"""

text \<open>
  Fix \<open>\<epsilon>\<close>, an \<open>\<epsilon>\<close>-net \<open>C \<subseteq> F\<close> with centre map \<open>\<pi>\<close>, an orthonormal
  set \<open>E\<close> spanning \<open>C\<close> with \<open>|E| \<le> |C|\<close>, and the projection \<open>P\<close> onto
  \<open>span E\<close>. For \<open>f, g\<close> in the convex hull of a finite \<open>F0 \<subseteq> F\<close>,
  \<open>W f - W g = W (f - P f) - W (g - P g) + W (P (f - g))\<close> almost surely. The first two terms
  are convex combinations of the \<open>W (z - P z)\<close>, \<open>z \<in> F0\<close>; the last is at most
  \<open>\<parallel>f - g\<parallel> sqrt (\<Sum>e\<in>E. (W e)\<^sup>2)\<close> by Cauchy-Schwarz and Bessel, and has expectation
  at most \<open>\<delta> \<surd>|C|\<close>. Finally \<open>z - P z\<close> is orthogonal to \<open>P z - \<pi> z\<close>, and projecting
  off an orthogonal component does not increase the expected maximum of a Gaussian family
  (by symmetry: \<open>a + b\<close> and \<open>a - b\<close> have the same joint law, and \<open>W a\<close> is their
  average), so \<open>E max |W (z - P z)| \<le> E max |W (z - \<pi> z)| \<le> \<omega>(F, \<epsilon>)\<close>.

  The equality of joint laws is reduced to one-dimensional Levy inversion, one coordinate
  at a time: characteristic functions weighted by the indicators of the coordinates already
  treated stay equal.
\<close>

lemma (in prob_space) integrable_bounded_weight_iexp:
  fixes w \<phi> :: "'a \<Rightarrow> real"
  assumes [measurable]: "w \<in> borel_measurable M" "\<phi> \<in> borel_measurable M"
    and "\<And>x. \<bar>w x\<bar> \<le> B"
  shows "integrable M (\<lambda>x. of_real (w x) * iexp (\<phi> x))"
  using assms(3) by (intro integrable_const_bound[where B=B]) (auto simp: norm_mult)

"""

Work to be completed
Which lines in the records above contain the word "subseteq"? Return each of them.

Exercise answer
  Fix \<open>\<epsilon>\<close>, an \<open>\<epsilon>\<close>-net \<open>C \<subseteq> F\<close> with centre map \<open>\<pi>\<close>, an orthonormal
  \<open>span E\<close>. For \<open>f, g\<close> in the convex hull of a finite \<open>F0 \<subseteq> F\<close>,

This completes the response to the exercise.